На следующее утро первым, кого я встретил, был комиссар. Он сидел в кресле в холле гостиницы, перелистывал газеты. И немедленно сообщил мне, многозначительно и иронически:
— Мы нашли нить.
Движением руки он пригласил меня сесть рядом.
— А что за нить?
— Та, которую искал прокурор. Да что я говорю — нить… Тысячи нитей сразу! Вот такая кипа, — он показал рукой высоту кипы, от земли до своего колена, — фотокопий с чеков. Все подписаны Микелоцци — на те особые или секретные фонды, которыми он распоряжался… Прокурор с ума сойдет! — Он с удовольствием смаковал мысль о грозящем Скаламбри сумасшествии.
— А есть чеки на имя кого-нибудь из здешних?
— Кого-нибудь? Всех! Нет ни одного, кто не получил бы своей доли.
— Так что же?
— А то, что по этим чекам можно возбудить сотню мелких дел о растратах, взятках, хищениях — или одно большое дело. Но только не дело об убийстве.
— Мне тоже так кажется.
— А прокурор убежден, что именно в чеках найдет ключ к первому, а значит, и ко второму преступлению… Не то чтобы все его рассуждения повисли в воздухе, но только подтвердить их на деле так трудно, что они вроде как бы и повисли… Он рассуждает так: Микелоцци давал им деньги не для того, чтобы они шлялись по бабам или летали в Швейцарию положить их в банк; деньги он давал на нужды партии, на поддержку каких-то течений, на содержание секций и вербовку сторонников, поодиночке и целыми группами. Кто-нибудь эту сумму прикарманил — всю, а не большую или меньшую долю, как делается обычно; Микелоцци, зная или подозревая об этом, угрожал ему…

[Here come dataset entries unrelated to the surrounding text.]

lemma gray_sum_carry:
  assumes "p > 0"
  shows "(gray p ((\<Sum>i\<in>I. y i) mod p^2) k - (\<Sum>i\<in>I. gray p (y i) k)) mod p
         = ((\<Sum>i\<in>I. y i mod p) div p) mod p"
proof -
  define A where "A = (\<Sum>i\<in>I. y i div p)"
  define B where "B = (\<Sum>i\<in>I. y i mod p)"
  have sum: "(\<Sum>i\<in>I. y i) = p * A + B"
    unfolding A_def B_def sum_distrib_left sum.distrib[symmetric] by simp
  have "(\<Sum>i\<in>I. gray p (y i) k) mod p = (\<Sum>i\<in>I. y i div p + y i mod p * int k) mod p"
    unfolding gray_def by (simp add: mod_sum_eq)
  also have "\<dots> = (A + B * int k) mod p"
    unfolding A_def B_def by (simp add: sum.distrib sum_distrib_right)
  finally have grays: "(\<Sum>i\<in>I. gray p (y i) k) mod p = (A + B * int k) mod p" .
  have gray_sum: "gray p (p * A + B) k = (A + B div p + B mod p * int k) mod p"
    unfolding gray_def using assms by simp
  have "(gray p ((\<Sum>i\<in>I. y i) mod p^2) k - (\<Sum>i\<in>I. gray p (y i) k)) mod p
      = (gray p (p * A + B) k mod p - (\<Sum>i\<in>I. gray p (y i) k) mod p) mod p"
    unfolding gray_mod_square[OF assms] sum by (simp add: mod_diff_eq)
  also have "\<dots> = ((A + B div p + B mod p * int k) - (A + B * int k)) mod p"
    unfolding gray_sum grays by (simp add: mod_diff_eq)
  also have "(A + B div p + B mod p * int k) - (A + B * int k) = B div p - (B - B mod p) * int k"
    by (simp add: algebra_simps)
  also have "\<dots> = B div p + p * (- (B div p) * int k)"
    by (simp add: minus_mod_eq_mult_div)
  also have "(B div p + p * (- (B div p) * int k)) mod p = B div p mod p"
    by (rule mod_mult_self2)
  finally show ?thesis
    unfolding B_def by simp
qed

lemma gray_0_eq_gray_1_iff: "gray p t 0 = gray p t 1 \<longleftrightarrow> p dvd t"
  unfolding gray_def by (simp add: mod_eq_dvd_iff dvd_mod_iff)

lemma vec_space_bounds:
  assumes "v \<in> vec_space m n" and "m > 0"
  shows "0 \<le> v j \<and> v j < m"
  using assms unfolding vec_space_def by (cases "j < n") auto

— Чем? Ведь донести он не мог.
— Пригрозил не давать больше.
— Тот тип добыл бы деньги иначе.
— То же самое и я говорю… Но известная достоверность в версии прокурора есть, если перенести ее на другую почву… Я говорю так: а если Микелоцци обнаружил, что деньги, которые он давал одному из них, идут на устройство беспорядков, организацию убийств, что тогда? Или так: что, если он финансировал все это заведомо, а теперь захотел отойти в сторону, выйти из партии, которая стала слишком опасной?

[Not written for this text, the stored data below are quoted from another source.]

lemma p_vw_one_param_subgroup:
  fixes \<rho>V :: "complex^'n^'n \<Rightarrow> complex^'v^'v" and \<rho>W :: "complex^'n^'n \<Rightarrow> complex^'w^'w"
  assumes "G \<subseteq> GL_grp" "one_param_subgroup G l"
    and "rational_rep G \<rho>V" "rational_rep G \<rho>W" "hermitian_pd HV" "hermitian_pd HW" "v \<noteq> 0" "w \<noteq> 0"
  shows "filterlim (\<lambda>t. p_vw HV HW \<rho>V \<rho>W v w (l t)) at_top (at 0)
           \<longleftrightarrow> weight \<rho>W l w < weight \<rho>V l v"
    and "(\<exists>C. \<forall>\<^sub>F t in at 0. C \<le> p_vw HV HW \<rho>V \<rho>W v w (l t))
           \<longleftrightarrow> weight \<rho>W l w \<le> weight \<rho>V l v"
proof -
  obtain gV cV where gV: "(gV \<longlongrightarrow> cV) (at 0)" and V: "\<forall>\<^sub>F t in at 0.
      ln (herm_norm_sq HV (\<rho>V (l t) *v v)) = 2 * of_int (weight \<rho>V l v) * ln (cmod t) + gV t"
    by (rule ln_herm_norm_sq_orbit[OF assms(1,2,3,5,7)])
  obtain gW cW where gW: "(gW \<longlongrightarrow> cW) (at 0)" and W: "\<forall>\<^sub>F t in at 0.
      ln (herm_norm_sq HW (\<rho>W (l t) *v w)) = 2 * of_int (weight \<rho>W l w) * ln (cmod t) + gW t"
    by (rule ln_herm_norm_sq_orbit[OF assms(1,2,4,6,8)])
  define d where "d = 2 * real_of_int (weight \<rho>V l v - weight \<rho>W l w)"
  define g where "g t = gW t - gV t" for t
  have ev: "\<forall>\<^sub>F t in at 0. p_vw HV HW \<rho>V \<rho>W v w (l t) = d * - ln (cmod t) + g t"
    using V W by eventually_elim (simp add: p_vw_def d_def g_def algebra_simps)
  have "(g \<longlongrightarrow> cW - cV) (at 0)" unfolding g_def by (intro tendsto_diff gV gW)
  note asymptotics = filterlim_at_top_scaled_plus_convergent_iff[OF filterlim_neg_ln_norm_at_0 this]
    bounded_below_scaled_plus_convergent_iff[OF filterlim_neg_ln_norm_at_0 this]
  show "filterlim (\<lambda>t. p_vw HV HW \<rho>V \<rho>W v w (l t)) at_top (at 0)
           \<longleftrightarrow> weight \<rho>W l w < weight \<rho>V l v"
    using asymptotics(1)[of d] filterlim_cong[OF refl refl ev] by (simp add: d_def)
  have "(\<forall>\<^sub>F t in at 0. C \<le> p_vw HV HW \<rho>V \<rho>W v w (l t)) \<longleftrightarrow> (\<forall>\<^sub>F t in at 0. C \<le> d * - ln (cmod t) + g t)"
    for C by (rule eventually_subst) (rule eventually_mono[OF ev], simp)
  then show "(\<exists>C. \<forall>\<^sub>F t in at 0. C \<le> p_vw HV HW \<rho>V \<rho>W v w (l t))
           \<longleftrightarrow> weight \<rho>W l w \<le> weight \<rho>V l v"
    using asymptotics(2)[of d] by (simp add: d_def)
qed

theorem theorem4p3:
  fixes G :: "(complex^'n^'n) set"
    and \<rho>V :: "complex^'n^'n \<Rightarrow> complex^'v^'v"
    and \<rho>W :: "complex^'n^'n \<Rightarrow> complex^'w^'w"
    and HV :: "complex^'v^'v" and HW :: "complex^'w^'w"
    and v :: "complex^'v" and w :: "complex^'w"
  assumes "classical_subgroup G"
    and "rational_rep G \<rho>V" and "rational_rep G \<rho>W"
    and "hermitian_pd HV" and "hermitian_pd HW"
    and "v \<noteq> 0" and "w \<noteq> 0"
  shows "((\<forall>l. one_param_subgroup G l \<longrightarrow>
            filterlim (\<lambda>t. p_vw HV HW \<rho>V \<rho>W v w (l t)) at_top (at (0::complex)))
         \<longleftrightarrow> num_stable G \<rho>V \<rho>W v w)
         \<and> ((\<forall>l. one_param_subgroup G l \<longrightarrow>
            (\<exists>C. \<forall>\<^sub>F t in at (0::complex). C \<le> p_vw HV HW \<rho>V \<rho>W v w (l t)))
         \<longleftrightarrow> num_semistable G \<rho>V \<rho>W v w)"
  unfolding num_stable_def num_semistable_def
  using p_vw_one_param_subgroup[OF classical_subgroup_subset_GL[OF assms(1)] _ assms(2-7)]
  by blast

end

— Версия становится более обоснованной, но только если мы ограничимся первым пунктом. Ведь говорят, что Микелоцци любил ближнего, как самого себя.
— Простите, но вы не представляете себе, на что способны эти ревностные прихожане, которые не выпускают из рук молитвенника и утверждают, что любят ближнего, как самого себя. Через два месяца — я уже жду не дождусь! — будет ровно тридцать лет, как я служу в полиции; так вот, самые жестокие преступления из всех, какие мне попадались, самые обдуманные, самые трудные для раскрытия, так же как и самые безрассудные и легкие, были совершены мужчинами и женщинами, у которых колени вот так расплющились, — он изобразил руками в воздухе очертания большого круглого хлеба, — от стояния перед алтарной преградой и решеткой исповедальни… Есть, конечно, преступления на сексуальной почве, но большая часть, поверьте мне, из-за денег, тех денег, что мог оставить им в наследство самый ближний из ближних. — Он встал. — Пойду посмотрю, какую нить сумел вытащить из клубка наш прокурор… Оставить вам газеты?

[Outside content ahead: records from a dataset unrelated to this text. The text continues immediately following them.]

(* Let $n\in\mathbb{N}$, $\beta\in\mathbb{R}$, $\epsilon\in\mathbb{R}^n$, $X\in\mathbb{R}^n$, $G_n\subseteq\{1,\dots,n\}$ and $o\in\mathbb{R}^n$ with $o_i=0$ for $i\notin G_n$; set $Y:=X\beta+\epsilon+o$. Let $\mathcal{U}_n\subseteq\mathcal{P}(\{1,\dots,n\})$ with $\emptyset\notin\mathcal{U}_n$ and $\mathrm{Inl}(\mathcal{U}_n):=\{S\in\mathcal{U}_n:S\cap G_n=\emptyset\}\ne\emptyset$. For $S\in\mathcal{U}_n$ and $U_n\in\mathrm{Inl}(\mathcal{U}_n)$ define $\eta_1(S):=\frac{|X_S^\top\epsilon_S|}{\|X_S\|_2^2}$ and $\eta_2(S,U_n)$ through \[ \eta_2^2(S,U_n):=\frac{1}{\|X_{S\setminus G_n}\|_2^2}\Big(\frac{|S|}{|U_n|}\|\epsilon_{U_n}\|_2^2-\|\epsilon_S\|_2^2-2\epsilon_S^\top o_S+\frac{(X_S^\top\epsilon_S)^2}{\|X_S\|_2^2}+2\frac{|X_S^\top\epsilon_S|\,|X_S^\top o_S|}{\|X_S\|_2^2}-\frac{|S|(X_{U_n}^\top\epsilon_{U_n})^2}{|U_n|\|X_{U_n}\|_2^2}\Big). \] Then \[ |\hat\beta^n_{\mathrm{BFS}}(\mathcal{U}_n)-\beta|\le\max_{S\in\mathcal{U}_n}\min_{U_n\in\mathrm{Inl}(\mathcal{U}_n)}\big(\eta_1(S)+\eta_2(S,U_n)\big). \]
   Context: $X_S,Y_S,\epsilon_S,o_S$ denote subvectors with indices in $S$. $\hat\beta^S_{\mathrm{OLS}}(X,Y):=(X_S^\top X_S)^{+}X_S^\top Y_S$ ($^{+}$: Moore–Penrose inverse). BFS with collection $\mathcal{U}_n$: enumerate $S\in\mathcal{U}_n$ in a fixed order, compute $\mathrm{err}(S)=\frac1{|S|}\|Y_S-X_S\hat\beta^S_{\mathrm{OLS}}(X,Y)\|_2^2$, and output $\hat\beta^n_{\mathrm{BFS}}(\mathcal{U}_n):=\hat\beta^{S^*}_{\mathrm{OLS}}(X,Y)$ for the first minimizer $S^*$. Convention: a bound containing a summand with zero denominator is infinite. *)

theory Defs
  imports "HOL-Analysis.Analysis"
begin

text \<open>Vectors in R^n are functions nat => real, only indices in {1..n} matter.
  All quantities are for a single scalar covariate X and scalar beta.\<close>

definition sqn :: "(nat \<Rightarrow> real) \<Rightarrow> nat set \<Rightarrow> real" where
  "sqn X S = (\<Sum>i\<in>S. (X i)^2)"

definition ipr :: "(nat \<Rightarrow> real) \<Rightarrow> (nat \<Rightarrow> real) \<Rightarrow> nat set \<Rightarrow> real" where
  "ipr X Z S = (\<Sum>i\<in>S. X i * Z i)"

text \<open>OLS on S: (X_S^T X_S)^+ X_S^T Y_S; for a 1x1 matrix the Moore-Penrose inverse
  is inverse (with inverse 0 = 0).\<close>
definition ols :: "(nat \<Rightarrow> real) \<Rightarrow> (nat \<Rightarrow> real) \<Rightarrow> nat set \<Rightarrow> real" where
  "ols X Y S = inverse (sqn X S) * ipr X Y S"

definition err :: "(nat \<Rightarrow> real) \<Rightarrow> (nat \<Rightarrow> real) \<Rightarrow> nat set \<Rightarrow> real" where
  "err X Y S = (1 / real (card S)) * (\<Sum>i\<in>S. (Y i - X i * ols X Y S)^2)"

text \<open>BFS: the collection is enumerated by the list us (fixed order); the output is
  the OLS estimate on the first minimiser of err.\<close>
definition bfs :: "(nat \<Rightarrow> real) \<Rightarrow> (nat \<Rightarrow> real) \<Rightarrow> nat set list \<Rightarrow> real" where
  "bfs X Y us = ols X Y (hd (filter (\<lambda>S. \<forall>T\<in>set us. err X Y S \<le> err X Y T) us))"

definition Inl :: "nat set set \<Rightarrow> nat set \<Rightarrow> nat set set" where
  "Inl U G = {S \<in> U. S \<inter> G = {}}"

definition eta1 :: "(nat \<Rightarrow> real) \<Rightarrow> (nat \<Rightarrow> real) \<Rightarrow> nat set \<Rightarrow> ereal" where
  "eta1 X e S = (if sqn X S = 0 then \<infinity> else ereal (\<bar>ipr X e S\<bar> / sqn X S))"

definition eta2 :: "(nat \<Rightarrow> real) \<Rightarrow> (nat \<Rightarrow> real) \<Rightarrow> (nat \<Rightarrow> real) \<Rightarrow> nat set
    \<Rightarrow> nat set \<Rightarrow> nat set \<Rightarrow> ereal" where
  "eta2 X e ov G S U =
    (if sqn X (S - G) = 0 \<or> sqn X S = 0 \<or> sqn X U = 0 \<or> card U = 0 then \<infinity>
     else ereal (sqrt ((1 / sqn X (S - G)) *
        (real (card S) / real (card U) * sqn e U - sqn e S - 2 * ipr e ov S
         + (ipr X e S)^2 / sqn X S
         + 2 * (\<bar>ipr X e S\<bar> * \<bar>ipr X ov S\<bar>) / sqn X S
         - real (card S) * (ipr X e U)^2 / (real (card U) * sqn X U)))))"

end

theory Submission
  imports Defs
begin

text \<open>On the selected set S the OLS error is (X_S' eps_S + X_S' o_S) / |X_S|^2, and the
  first summand is eta1(S). For the outlier summand, BFS gives err(S) <= err(U) for every
  outlier-free U; expanding both residual sums turns this into the lower bound
  |o_S|^2 - (X_S' o_S)^2 / |X_S|^2 for the bracket of eta2(S,U)^2. Since o lives on S \<inter> G,
  Cauchy-Schwarz on S \<inter> G bounds that quantity below by
  |X_(S-G)|^2 (X_S' o_S)^2 / |X_S|^4, i.e. |X_(S-G)|^2 times the square of the outlier summand.\<close>

lemma sqn_nonneg: "0 \<le> sqn X S"
  unfolding sqn_def by (simp add: sum_nonneg)

lemma finite_nonempty_if_sqn_nonzero:
  assumes "sqn X S \<noteq> 0"
  shows "finite S" "S \<noteq> {}"
  using assms unfolding sqn_def by (auto intro: ccontr)

lemma sqn_add:
  "sqn (\<lambda>i. V i + W i) S = sqn V S + 2 * ipr V W S + sqn W S"
  unfolding sqn_def ipr_def
  by (simp add: power2_sum sum.distrib sum_distrib_left mult.assoc)

lemma ipr_add: "ipr X (\<lambda>i. V i + W i) S = ipr X V S + ipr X W S"
  unfolding ipr_def by (simp add: distrib_left sum.distrib)

lemma ipr_affine: "ipr X (\<lambda>i. X i * b + W i) S = b * sqn X S + ipr X W S"
  unfolding ipr_def sqn_def
  by (simp add: algebra_simps sum.distrib sum_distrib_left power2_eq_square)

lemma ols_affine:
  assumes "sqn X S \<noteq> 0"
  shows "ols X (\<lambda>i. X i * b + W i) S = b + ols X W S"
  using assms unfolding ols_def ipr_affine by (simp add: field_simps)

lemma err_affine:
  assumes "sqn X S \<noteq> 0"
  shows "err X (\<lambda>i. X i * b + W i) S = err X W S"
  unfolding err_def ols_affine[OF assms] by (simp add: algebra_simps)

lemma rss_ols:
  assumes "sqn X S \<noteq> 0"
  shows "(\<Sum>i\<in>S. (W i - X i * ols X W S)^2) = sqn W S - (ipr X W S)^2 / sqn X S"
proof -
  define c where "c = ols X W S"
  have "(\<Sum>i\<in>S. (W i - X i * c)^2) = sqn W S - 2 * c * ipr X W S + c^2 * sqn X S"
    unfolding sqn_def ipr_def
    by (simp add: power2_diff power_mult_distrib sum.distrib sum_subtractf sum_distrib_left
        algebra_simps)
  also have "\<dots> = sqn W S - (ipr X W S)^2 / sqn X S"
    using assms unfolding c_def ols_def by (simp add: field_simps power2_eq_square)
  finally show ?thesis unfolding c_def .
qed

lemma err_eq:
  assumes "sqn X S \<noteq> 0"
  shows "err X W S = (sqn W S - (ipr X W S)^2 / sqn X S) / real (card S)"
  unfolding err_def rss_ols[OF assms] by simp

text \<open>Cauchy-Schwarz on S \<inter> G, the only rows carrying outliers, gives
  (X_S' o_S)^2 <= |X_(S \<inter> G)|^2 |o_S|^2.\<close>
lemma outlier_ipr_sq_bound:
  assumes "finite S" and "\<forall>i\<in>S - G. o' i = 0"
  shows "(ipr X o' S)^2 * (sqn X S + sqn X (S - G)) \<le> sqn o' S * (sqn X S)^2"
proof -
  define qG where "qG = sqn X (S \<inter> G)"
  define qN where "qN = sqn X (S - G)"
  have split: "sqn X S = qG + qN"
    unfolding qG_def qN_def sqn_def using assms(1) by (metis sum.Int_Diff)
  have "ipr X o' S = ipr X o' (S \<inter> G)" and "sqn o' S = sqn o' (S \<inter> G)"
    unfolding ipr_def sqn_def using assms by (subst sum.Int_Diff[of S _ G]; auto)+
  then have cs: "(ipr X o' S)^2 \<le> qG * sqn o' S"
    unfolding qG_def ipr_def sqn_def by (simp add: Cauchy_Schwarz_ineq_sum)
  have "qG * (sqn X S + qN) \<le> (sqn X S)^2"
    unfolding split using sqn_nonneg[of X "S - G"] qN_def
    by (simp add: power2_eq_square algebra_simps)
  then have "qG * sqn o' S * (sqn X S + qN) \<le> sqn o' S * (sqn X S)^2"
    using sqn_nonneg[of o' S] by (metis mult.commute mult.left_commute mult_left_mono)
  moreover have "(ipr X o' S)^2 * (sqn X S + qN) \<le> qG * sqn o' S * (sqn X S + qN)"
    using cs sqn_nonneg[of X S] sqn_nonneg[of X "S - G"] qN_def by (intro mult_right_mono) auto
  ultimately show ?thesis unfolding qN_def by linarith
qed

definition eta2_bracket ::
    "(nat \<Rightarrow> real) \<Rightarrow> (nat \<Rightarrow> real) \<Rightarrow> (nat \<Rightarrow> real) \<Rightarrow> nat set \<Rightarrow> nat set \<Rightarrow> real" where
  "eta2_bracket X e ov S U =
     real (card S) / real (card U) * sqn e U - sqn e S - 2 * ipr e ov S
     + (ipr X e S)^2 / sqn X S
     + 2 * (\<bar>ipr X e S\<bar> * \<bar>ipr X ov S\<bar>) / sqn X S
     - real (card S) * (ipr X e U)^2 / (real (card U) * sqn X U)"

lemma err_le_imp_eta2_bracket_ge:
  fixes X e ov :: "nat \<Rightarrow> real" and b :: real
  defines "Y \<equiv> \<lambda>i. X i * b + e i + ov i"
  assumes "sqn X S \<noteq> 0" and "sqn X U \<noteq> 0" and "card U \<noteq> 0"
    and "\<forall>i\<in>U. ov i = 0"
    and "err X Y S \<le> err X Y U"
  shows "sqn ov S - (ipr X ov S)^2 / sqn X S \<le> eta2_bracket X e ov S U"
proof -
  define W where "W = (\<lambda>i. e i + ov i)"
  define q where "q = sqn X S"
  define ae where "ae = ipr X e S"
  define ao where "ao = ipr X ov S"
  define cS where "cS = real (card S)"
  define cU where "cU = real (card U)"
  define rU where "rU = sqn e U - (ipr X e U)^2 / sqn X U"
  have Y: "Y = (\<lambda>i. X i * b + W i)"
    unfolding Y_def W_def by (simp add: add.assoc)
  have "cS > 0"
    using finite_nonempty_if_sqn_nonzero[OF assms(2)] cS_def by (simp add: card_gt_0_iff)
  have "cU > 0" using assms(4) cU_def by simp
  have q: "q > 0" using assms(2) sqn_nonneg[of X S] q_def by simp
  have "sqn W U = sqn e U" "ipr X W U = ipr X e U"
    unfolding W_def sqn_def ipr_def using assms(5) by (auto intro: sum.cong)
  then have "err X W U = rU / cU"
    unfolding err_eq[OF assms(3)] rU_def cU_def by simp
  moreover have "err X W S = (sqn e S + 2 * ipr e ov S + sqn ov S - (ae + ao)^2 / q) / cS"
    unfolding err_eq[OF assms(2)] W_def sqn_add ipr_add ae_def ao_def q_def cS_def ..
  ultimately have "(sqn e S + 2 * ipr e ov S + sqn ov S - (ae + ao)^2 / q) / cS \<le> rU / cU"
    using assms(6) unfolding Y err_affine[OF assms(2)] err_affine[OF assms(3)] by simp
  then have "sqn e S + 2 * ipr e ov S + sqn ov S - (ae + ao)^2 / q \<le> cS / cU * rU"
    using \<open>cS > 0\<close> by (simp add: pos_divide_le_eq mult.commute times_divide_eq_left)
  moreover have "eta2_bracket X e ov S U
      = cS / cU * rU - sqn e S - 2 * ipr e ov S + ae^2 / q + 2 * (\<bar>ae\<bar> * \<bar>ao\<bar>) / q"
    unfolding eta2_bracket_def rU_def cS_def cU_def ae_def ao_def q_def
    using assms(3) \<open>cU > 0\<close> cU_def by (simp add: field_simps)
  moreover have "- (ao^2 / q) \<le> ae^2 / q + 2 * (\<bar>ae\<bar> * \<bar>ao\<bar>) / q - (ae + ao)^2 / q"
  proof -
    have "ae * ao \<le> \<bar>ae\<bar> * \<bar>ao\<bar>"
      by (metis abs_ge_self abs_mult)
    then show ?thesis
      using q by (simp add: divide_simps power2_eq_square algebra_simps)
  qed
  ultimately show ?thesis unfolding ao_def q_def by linarith
qed

lemma abs_ols_error_le:
  fixes X e ov :: "nat \<Rightarrow> real" and b :: real
  defines "Y \<equiv> \<lambda>i. X i * b + e i + ov i"
  assumes "sqn X S \<noteq> 0" and "sqn X (S - G) \<noteq> 0" and "sqn X U \<noteq> 0" and "card U \<noteq> 0"
    and "\<forall>i\<in>U. ov i = 0" and "\<forall>i\<in>S - G. ov i = 0"
    and "err X Y S \<le> err X Y U"
  shows "\<bar>ols X Y S - b\<bar>
    \<le> \<bar>ipr X e S\<bar> / sqn X S + sqrt ((1 / sqn X (S - G)) * eta2_bracket X e ov S U)"
proof -
  define q where "q = sqn X S"
  define qN where "qN = sqn X (S - G)"
  define ao where "ao = ipr X ov S"
  have q: "q > 0" using assms(2) sqn_nonneg[of X S] q_def by simp
  have qN: "qN > 0" using assms(3) sqn_nonneg[of X "S - G"] qN_def by simp
  have "ao^2 * (q + qN) \<le> sqn ov S * q^2"
    using outlier_ipr_sq_bound[OF finite_nonempty_if_sqn_nonzero(1)[OF assms(2)] assms(7)]
    unfolding ao_def q_def qN_def .
  then have "ao^2 * qN / q^2 \<le> sqn ov S - ao^2 / q"
    using q by (simp add: field_simps power2_eq_square)
  also have "\<dots> \<le> eta2_bracket X e ov S U"
    using err_le_imp_eta2_bracket_ge[OF assms(2,4,5,6)] assms(8)
    unfolding Y_def ao_def q_def .
  finally have "(\<bar>ao\<bar> / q)^2 \<le> (1 / qN) * eta2_bracket X e ov S U"
    using qN by (simp add: field_simps power2_eq_square)
  then have ao: "\<bar>ao\<bar> / q \<le> sqrt ((1 / qN) * eta2_bracket X e ov S U)"
    by (simp add: real_le_rsqrt)
  have "ols X Y S - b = ipr X e S / q + ao / q"
    unfolding Y_def add.assoc ols_affine[OF assms(2)]
    unfolding ols_def ipr_add ao_def q_def by (simp add: divide_inverse algebra_simps)
  then have "\<bar>ols X Y S - b\<bar> \<le> \<bar>ipr X e S\<bar> / q + \<bar>ao\<bar> / q"
    using q abs_triangle_ineq[of "ipr X e S / q" "ao / q"] by (simp add: abs_divide)
  with ao show ?thesis unfolding q_def qN_def by linarith
qed

lemma abs_ols_error_le_eta:
  fixes X e ov :: "nat \<Rightarrow> real" and b :: real
  defines "Y \<equiv> \<lambda>i. X i * b + e i + ov i"
  assumes "\<forall>i\<in>U. ov i = 0" and "\<forall>i\<in>S - G. ov i = 0"
    and "err X Y S \<le> err X Y U"
  shows "ereal \<bar>ols X Y S - b\<bar> \<le> eta1 X e S + eta2 X e ov G S U"
proof (cases "sqn X (S - G) = 0 \<or> sqn X S = 0 \<or> sqn X U = 0 \<or> card U = 0")
  case False
  then show ?thesis
    using abs_ols_error_le[of X S G U ov b e] assms
    by (simp add: eta1_def eta2_def eta2_bracket_def)
qed (auto simp: eta1_def eta2_def)

lemma bfs_eq_ols_of_minimiser:
  assumes "us \<noteq> []"
  obtains S where "S \<in> set us" and "\<forall>T\<in>set us. err X Y S \<le> err X Y T"
    and "bfs X Y us = ols X Y S"
proof -
  let ?P = "\<lambda>S. \<forall>T\<in>set us. err X Y S \<le> err X Y T"
  have "Min (err X Y ` set us) \<in> err X Y ` set us"
    using assms by (intro Min_in) auto
  then obtain S0 where "S0 \<in> set us" "err X Y S0 = Min (err X Y ` set us)"
    by auto
  then have "?P S0"
    by (simp add: Min_le)
  then have "filter ?P us \<noteq> []"
    using \<open>S0 \<in> set us\<close> by (auto simp: filter_empty_conv)
  then have "hd (filter ?P us) \<in> set (filter ?P us)"
    by (rule hd_in_set)
  then show ?thesis
    using that unfolding bfs_def by auto
qed

theorem theoremD2:
  fixes n :: nat and \<beta> :: real and \<epsilon> X ov :: "nat \<Rightarrow> real"
    and G :: "nat set" and \<U> :: "nat set set" and us :: "nat set list"
  assumes "G \<subseteq> {1..n}"
    and "\<forall>i\<in>{1..n} - G. ov i = 0"
    and "\<U> \<subseteq> Pow {1..n}"
    and "{} \<notin> \<U>"
    and "Inl \<U> G \<noteq> {}"
    and "distinct us" and "set us = \<U>"
  shows "ereal \<bar>bfs X (\<lambda>i. X i * \<beta> + \<epsilon> i + ov i) us - \<beta>\<bar>
    \<le> Max ((\<lambda>S. Min ((\<lambda>U. eta1 X \<epsilon> S + eta2 X \<epsilon> ov G S U) ` Inl \<U> G)) ` \<U>)"
proof -
  \<comment> \<open>Empty or degenerate sets make eta infinite.\<close>
  define Y where "Y = (\<lambda>i. X i * \<beta> + \<epsilon> i + ov i)"
  have Inl_sub: "Inl \<U> G \<subseteq> \<U>" unfolding Inl_def by auto
  then have "us \<noteq> []" using assms(5,7) by auto
  then obtain S where S: "S \<in> \<U>" "\<forall>T\<in>\<U>. err X Y S \<le> err X Y T" "bfs X Y us = ols X Y S"
    using bfs_eq_ols_of_minimiser assms(7) by metis
  have "ereal \<bar>ols X Y S - \<beta>\<bar> \<le> eta1 X \<epsilon> S + eta2 X \<epsilon> ov G S U" if "U \<in> Inl \<U> G" for U
  proof -
    have "U \<in> \<U>" "U \<inter> G = {}" using that unfolding Inl_def by auto
    moreover have "U \<subseteq> {1..n}" "S \<subseteq> {1..n}" using \<open>U \<in> \<U>\<close> S(1) assms(3) by auto
    ultimately show ?thesis
      using S(2) assms(2) unfolding Y_def by (intro abs_ols_error_le_eta) auto
  qed
  then have "ereal \<bar>ols X Y S - \<beta>\<bar> \<le> Min ((\<lambda>U. eta1 X \<epsilon> S + eta2 X \<epsilon> ov G S U) ` Inl \<U> G)"
    using Inl_sub assms(5,7) by (intro Min.boundedI) (auto intro: finite_subset)
  also have "\<dots> \<le> Max ((\<lambda>S. Min ((\<lambda>U. eta1 X \<epsilon> S + eta2 X \<epsilon> ov G S U) ` Inl \<U> G)) ` \<U>)"
    using S(1) assms(7) by (intro Max_ge) auto
  finally show ?thesis using S(3) unfolding Y_def by simp
qed

end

— Нет, спасибо, я прогуляюсь в лесу.
Я отправился в лес, но лишь для розысков, намеченных — здесь будет кстати об этом напомнить — накануне вечером.
Встретились мы все в трапезной за завтраком. Дон Гаэтано не то чтобы был весел — наверно, он в жизни никогда не веселился, — но чем-то явно забавлялся: как будто приготовился сыграть с кем-нибудь из нас или со всеми нами шутку и сейчас выжидал подходящий момент. Скаламбри был неразговорчив и выглядел очень утомленным, веки у него покраснели. Утром я послал ему в номер рисунок. Он поблагодарил меня весьма сухо: конечно, рисунок ему не понравился. Комиссар поглядывал на него с насмешливым сочувствием, часто обращал взгляд ко мне, словно желая сказать: видите, до чего его довел этот клубок без начала и конца! Министр был мрачнее тучи: позже я узнал, что среди подписанных Микелоцци чеков Скаламбри нашел один и на его имя и потребовал объяснений. Еще мрачнее был шестой мой сотрапезник, президент того банка, на который Микелоцци выдавал чеки: Скаламбри продержал его на допросе часа два, но ничего не добился, кроме ненависти, с какой президент испепелял его взглядами.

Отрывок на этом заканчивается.